Two-Way Symmetrical Communication
The two-way symmetrical model is often described as the ideal form of public relations. Yet, in practice, many organizations continue to rely on one-way communication strategies. Do you see symmetrical communication as a realistically achievable model, or primarily as a normative ideal?
The four models of public relations, and the underlying dimensions I just described, have proven to be good descriptions of the different ways that public relations is practiced by different kinds of organizations. Such theoretical descriptions of public relations practice are variables in what is called a positive (or descriptive) theory. The two-way symmetrical model is a positive theory, and it was found to be practiced in the United States, Canada, and the United Kingdom in the Excellence study. Other researchers have found that the model is practiced in many other countries, although it is not used everywhere.

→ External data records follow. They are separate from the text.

(* Under the standing setup, suppose Assumptions 1 and 2 hold. Then (1) for every $c\in\mathcal C$ and $(w,z)\in S_0$ there is a unique $\xi\in(0,w]$ solving $$u'(\xi,z)=\max\Big\{\mathbb E_z\hat\beta\hat R\,u'\big(c(\hat R(w-\xi)+\hat Y,\hat Z),\hat Z\big),\ u'(w,z)\Big\},$$ so the operator $T$ (with $Tc(w,z):=\xi$) is well defined; $T$ maps $\mathcal C$ into $\mathcal C$ and has a unique fixed point $c^*\in\mathcal C$; and (2) for every $c\in\mathcal C$, $\rho(T^kc,c^* )\to0$ as $k\to\infty$.
   Context: Standing setup. Let $\mathsf Z$ be a finite set and $\{Z_t\}_{t\ge 0}$ a time-homogeneous Markov chain on $\mathsf Z$ with transition probabilities $P(z,\hat z)$. Let $\{\epsilon_t\}_{t\ge1}$ be i.i.d. random elements with common distribution $\pi$, independent of $\{Z_t\}$. Given nonnegative measurable functions $\beta,R,Y$, set $\beta_0=1$ and, for $t\ge1$, $\beta_t=\beta(Z_{t-1},Z_t,\epsilon_t)$, $R_t=R(Z_{t-1},Z_t,\epsilon_t)$, $Y_t=Y(Z_{t-1},Z_t,\epsilon_t)$. Let $u:(0,\infty)\times\mathsf Z\to\mathbb R$ with $u'(c,z)$ its derivative in $c$. $\mathbb E_z$ denotes expectation conditional on $Z_0=z$; under $\mathbb E_z$, $\hat Z=Z_1$, $\hat\beta=\beta(z,\hat Z,\hat\epsilon)$, $\hat R=R(z,\hat Z,\hat\epsilon)$, $\hat Y=Y(z,\hat Z,\hat\epsilon)$, $\hat\epsilon=\epsilon_1$. $S_0=(0,\infty)\times\mathsf Z$. Assumption 1: for every $z$, $u(\cdot,z)$ is twice differentiable on $(0,\infty)$, $u'(\cdot,z)>0$, $u''(\cdot,z)<0$, $u'(c,z)\to\infty$ as $c\to0$, and $\lim_{c\to\infty}u'(c,z)<1$. Assumption 2: (a) for all $z$, $\mathbb E_zu'(\hat Y,\hat Z)<\infty$ and $\mathbb E_z\hat\beta\hat R\,u'(\hat Y,\hat Z)<\infty$; (b) $r(K(1))<1$, where $r$ denotes spectral radius and $K(\theta)$ is the $\mathsf Z\times\mathsf Z$ matrix $K_{z\hat z}(\theta)=P(z,\hat z)\int\beta(z,\hat z,\epsilon)R(z,\hat z,\epsilon)^\theta\,\pi(d\epsilon)$. $\mathcal C$ is the set of continuous $c:S_0\to\mathbb R_+$ such that $w\mapsto c(w,z)$ is increasing for each $z$, $0<c(w,z)\le w$, and $\sup_{(w,z)\in S_0}|u'(c(w,z),z)-u'(w,z)|<\infty$. On $\mathcal C$, $\rho(c_1,c_2)=\sup_{(w,z)\in S_0}|u'(c_1(w,z),z)-u'(c_2(w,z),z)|$. *)

theory Defs
  imports "HOL-Probability.Probability"
begin

definition spectral_radius :: "complex^'n^'n \<Rightarrow> real" where
  "spectral_radius A = Sup {cmod l | l. \<exists>v. v \<noteq> 0 \<and> A *v v = l *s v}"

text \<open>Extended marginal utility u'(x,z) in [0,\<infinity>]; u'(x,z) = \<infinity> for x \<le> 0
  (consistent with u'(c,z) \<rightarrow> \<infinity> as c \<rightarrow> 0).\<close>
definition ext_mu :: "(real \<Rightarrow> 'z \<Rightarrow> real) \<Rightarrow> real \<Rightarrow> 'z \<Rightarrow> ennreal" where
  "ext_mu du x z = (if x > 0 then ennreal (du x z) else \<infinity>)"

text \<open>One-step conditional expectation E_z f(Zhat, epsilonhat) for the Markov kernel P and
  the shock distribution pi (nonnegative integrands, value in [0,\<infinity>]).\<close>
definition cexp :: "('z::finite \<Rightarrow> 'z \<Rightarrow> real) \<Rightarrow> 'e measure \<Rightarrow> 'z \<Rightarrow> ('z \<Rightarrow> 'e \<Rightarrow> ennreal) \<Rightarrow> ennreal" where
  "cexp P pim z f = (\<Sum>zh\<in>UNIV. ennreal (P z zh) * (\<integral>\<^sup>+ e. f zh e \<partial>pim))"

definition Kmat :: "('z::finite \<Rightarrow> 'z \<Rightarrow> real) \<Rightarrow> 'e measure \<Rightarrow> ('z \<Rightarrow> 'z \<Rightarrow> 'e \<Rightarrow> real)
    \<Rightarrow> ('z \<Rightarrow> 'z \<Rightarrow> 'e \<Rightarrow> real) \<Rightarrow> real \<Rightarrow> complex^'z^'z" where
  "Kmat P pim beta R theta = (\<chi> z zh. complex_of_real
      (P z zh * enn2real (\<integral>\<^sup>+ e. ennreal (beta z zh e * R z zh e powr theta) \<partial>pim)))"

The symmetrical model also is a normative theoretical concept. Many critics of the model seem to misunderstand the nature of a normative theory. They seem to believe that a normative concept only exists as an ideal and not as a reality. However, a theory would not be a good normative theory if it could not be found in real life. A normative theory must exist in real life and do what it is theoretically supposed to do, such as improve relationships between organizations and publics. I believe symmetrical theory meets this standard and that our research has identified organizations that practice it. As a result, it provides a benchmark for effective and ethical public relations.

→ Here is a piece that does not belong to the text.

(* Suppose Assumptions 1, 2, 6 and 7 hold (Assumption 5 is not required), and all eight cells $\{D=d,G=g,T=t\}$ have positive probability. For $d\in\{0,1\}$ and $g\in\{0,1\}$ let $p_{d|gt}=P(D_{gt}=d)$, $\lambda_{gd}=p_{d|g1}/p_{d|g0}$, $F_{dgt}=F_{Y_{dgt}}$ and $H_d=F_{d10}\circ F_{d00}^{-1}$. Let $S'=\{D(0)\neq D(1),\,G=0\}$ and let $F_{Y_{01}(d)\mid S'}$ denote the cdf of $Y(d)$ conditional on $S'$ and $T=1$ (when $P(S')=0$, $\lambda_{0d}=1$ and the corresponding term below is omitted). Then for $d\in\{0,1\}$, $$F_{Y(d)\mid S,T=1}=\frac{p_{d|11}F_{d11}-p_{d|10}\,H_d\circ\big(\lambda_{0d}F_{d01}+(1-\lambda_{0d})F_{Y_{01}(d)\mid S'}\big)}{p_{d|11}-p_{d|10}}.$$
   Context: Standing framework. Let $(Y(0),Y(1),V,G,T)$ be random variables on a common probability space, with $G\in\{0,1\}$ (group; $G=1$ is the "treatment group"), $T\in\{0,1\}$ (period), $V$ real-valued, and let $(v_{gt})_{(g,t)\in\{0,1\}^2}$ be real constants. The treatment is $D=1\{V\geq v_{GT}\}$ and the potential treatments are $D(t)=1\{V\geq v_{Gt}\}$, $t\in\{0,1\}$, so that $D=D(T)$. The observed outcome is $Y=DY(1)+(1-D)Y(0)$. For any random variable $R$, $R_{gt}$ denotes a random variable distributed as $R$ conditional on $\{G=g,T=t\}$ and $R_{dgt}$ one distributed as $R$ conditional on $\{D=d,G=g,T=t\}$. $F_R$ is the cdf of $R$, $\mathrm{Supp}(R)$ its support, and for a nondecreasing $F$, $F^{-1}(q)=\inf\{x\in\mathbb{R}:F(x)\geq q\}$. Let $S=\{D(0)<D(1),\,G=1\}$. Assumption 1: $D=1\{V\geq v_{GT}\}$ with $V$ independent of $T$ conditional on $G$. Assumption 2: $E(D_{11})>E(D_{10})$ and $E(D_{11})-E(D_{10})>E(D_{01})-E(D_{00})$. Assumption 6: for $d\in\{0,1\}$, $Y(d)=h_d(U_d,T)$ with $U_d$ real-valued and $u\mapsto h_d(u,t)$ strictly increasing for each $t\in\{0,1\}$; moreover $U_d$ is independent of $T$ conditional on $(G,D(0))$. Assumption 7: (i) $\mathrm{Supp}(Y_{dgt})=\mathrm{Supp}(Y)$ for all $(d,g,t)$, and $\mathrm{Supp}(Y)$ is a closed interval of $\mathbb{R}$; (ii) each $F_{Y_{dgt}}$ is continuous on $\mathbb{R}$ and strictly increasing on $\mathrm{Supp}(Y)$. *)

theory Defs
  imports "HOL-Probability.Probability"
begin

At the same time, we know that it is difficult to practice the symmetrical model in some organizations, countries, and cultures. Organizations that believe public relations is a way to dominate their publics aren’t interested in symmetrical communication. Many organizational executives have never heard of public relations being practiced in that way. Public relations practitioners who come from other disciplines such as marketing, advertising, or journalism practice what they know. Marketing and advertising people usually practice the press agentry or two-way asymmetrical models. Journalists typically practice the public information model. Many practitioners, also, cannot practice the symmetrical model because they lack the knowledge or experience to do so.

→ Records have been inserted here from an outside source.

lemma gen_eigensystem_compare:
  fixes K1 M1 K2 M2 :: "real mat"
  assumes K1: "K1 \<in> carrier_mat n n" and M1: "spd_mat M1" "M1 \<in> carrier_mat n n"
    and K2: "K2 \<in> carrier_mat n n" and M2: "spd_mat M2" "M2 \<in> carrier_mat n n"
    and es1: "gen_eigensystem n K1 M1 ps1" "sorted (map fst ps1)"
    and es2: "gen_eigensystem n K2 M2 ps2" "sorted (map fst ps2)"
    and c: "c \<ge> 0"
    and rayleigh: "\<And>x. x \<in> carrier_vec n \<Longrightarrow> x \<noteq> 0\<^sub>v n \<Longrightarrow>
       (x \<bullet> (K1 *\<^sub>v x)) * (x \<bullet> (M2 *\<^sub>v x)) \<le> c * (x \<bullet> (K2 *\<^sub>v x)) * (x \<bullet> (M1 *\<^sub>v x))"
    and i: "i < n"
  shows "fst (ps1 ! i) \<le> c * fst (ps2 ! i)"
proof -
  obtain a b where xy: "eigen_comb n ps2 a {..i} = eigen_comb n ps1 b {i..<n}"
    and x0: "eigen_comb n ps2 a {..i} \<noteq> 0\<^sub>v n"
    using eigen_combs_intersect[OF K1 M1(2) K2 M2(2) es1(1) es2(1) i] by blast
  define x where "x = eigen_comb n ps2 a {..i}"
  have x: "x \<in> carrier_vec n" by (simp add: x_def eigen_comb_carrier)
  have len: "length ps1 = n" "length ps2 = n" using es1 es2 by (auto simp: gen_eigensystem_def)
  \<comment> \<open>x is a combination of the first i+1 eigenvectors of the second pencil and
    of the last n-i eigenvectors of the first\<close>
  have upper: "x \<bullet> (K2 *\<^sub>v x) \<le> fst (ps2 ! i) * (x \<bullet> (M2 *\<^sub>v x))"
    unfolding x_def using i len es2(2)
    by (intro eigen_comb_rayleigh_upper[OF K2 M2(2) es2(1)]) (auto simp: sorted_iff_nth_mono)
  have lower: "fst (ps1 ! i) * (x \<bullet> (M1 *\<^sub>v x)) \<le> x \<bullet> (K1 *\<^sub>v x)"
    unfolding x_def xy using i len es1(2)
    by (intro eigen_comb_rayleigh_lower[OF K1 M1(2) es1(1)]) (auto simp: sorted_iff_nth_mono)
  have pos: "x \<bullet> (M1 *\<^sub>v x) > 0" "x \<bullet> (M2 *\<^sub>v x) > 0"
    using spd_mat_pos[OF M1 x] spd_mat_pos[OF M2 x] x0 by (auto simp: x_def)
  have "fst (ps1 ! i) * (x \<bullet> (M1 *\<^sub>v x)) * (x \<bullet> (M2 *\<^sub>v x)) \<le> (x \<bullet> (K1 *\<^sub>v x)) * (x \<bullet> (M2 *\<^sub>v x))"
    using lower pos by (simp add: mult_right_mono)
  also have "\<dots> \<le> c * (x \<bullet> (K2 *\<^sub>v x)) * (x \<bullet> (M1 *\<^sub>v x))"
    using rayleigh[OF x] x0 by (simp add: x_def)
  also have "\<dots> \<le> c * (fst (ps2 ! i) * (x \<bullet> (M2 *\<^sub>v x))) * (x \<bullet> (M1 *\<^sub>v x))"
    using upper pos c by (simp add: mult_left_mono mult_right_mono)
  finally show ?thesis using pos by (simp add: mult_ac)
qed

lemma gen_eigs_mono:
  fixes K1 M1 K2 M2 :: "real mat"
  assumes K1: "K1 \<in> carrier_mat n n" "transpose_mat K1 = K1" and M1: "spd_mat M1" "M1 \<in> carrier_mat n n"
    and K2: "K2 \<in> carrier_mat n n" "transpose_mat K2 = K2" and M2: "spd_mat M2" "M2 \<in> carrier_mat n n"
    and c: "c \<ge> 0"
    and rayleigh: "\<And>x. x \<in> carrier_vec n \<Longrightarrow> x \<noteq> 0\<^sub>v n \<Longrightarrow>
       (x \<bullet> (K1 *\<^sub>v x)) * (x \<bullet> (M2 *\<^sub>v x)) \<le> c * (x \<bullet> (K2 *\<^sub>v x)) * (x \<bullet> (M1 *\<^sub>v x))"
    and i: "i < n"
  shows "gen_eigs K1 M1 ! i \<le> c * gen_eigs K2 M2 ! i"
proof -
  obtain ps1 where es1: "gen_eigensystem n K1 M1 ps1" "sorted (map fst ps1)" "gen_eigs K1 M1 = map fst ps1"
    using gen_eigs_eigensystem[OF K1 M1] by blast
  obtain ps2 where es2: "gen_eigensystem n K2 M2 ps2" "sorted (map fst ps2)" "gen_eigs K2 M2 = map fst ps2"
    using gen_eigs_eigensystem[OF K2 M2] by blast
  show ?thesis
    using gen_eigensystem_compare[OF K1(1) M1 K2(1) M2 es1(1,2) es2(1,2) c rayleigh i] es1 es2 i
    by (simp add: gen_eigensystem_def)
qed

The question, therefore, is whether all the different ways of understanding, practicing, and teaching public relations are equally good. Would we recommend them to organizational executives or clients or teach them to students: Is every model or every dimension of the models an ideal or normative model? My answer is no. I recommend and teach the two-way symmetrical model. I think it produces relationships that have greater value for publics, organizations, and society. Nevertheless, I know that the model is more difficult to practice in some cultures and political and economic systems than in others. If the model can’t be practiced, I believe the problem is with the culture and political and economic system—not with the public relations profession. In some systems, public relations strives to keep the powerful in power, and it deserves all the criticism it typically receives. However, I believe there is a gradual way to get around this problem. If we as scholars and practitioners can subtly introduce the symmetrical model in practice, it might gradually change the system in which it is practiced. That is not easy, but I could not practice public relations in any other way regardless of the situation in which I work.
Excellence Theory
Excellence Theory positioned public relations as a strategic management function within organizations. Today, do you believe communication professionals are truly integrated into organizational decision-making processes?
As this question states, the major finding of the Excellence study was that participation in the strategic management of an organization was the most important characteristic of excellent public relations. It was even more important than the symmetrical model. Excellent public relations departments were most likely to practice that model, but they also practiced one or more of the other models. Most commonly they practiced both the two-way symmetrical and two-way asymmetrical models. The common element of those models is two-way communication, and the best way to practice two-way communication is to conduct research as a form of organizational listening. In subsequent research, four colleagues and I found that conducting or using research was the major indicator of public relations’ participation in strategic management.2 If a public relations department does not use research, it seldom has anything to contribute to strategic management and is generally not integrated into organizational decision-making processes.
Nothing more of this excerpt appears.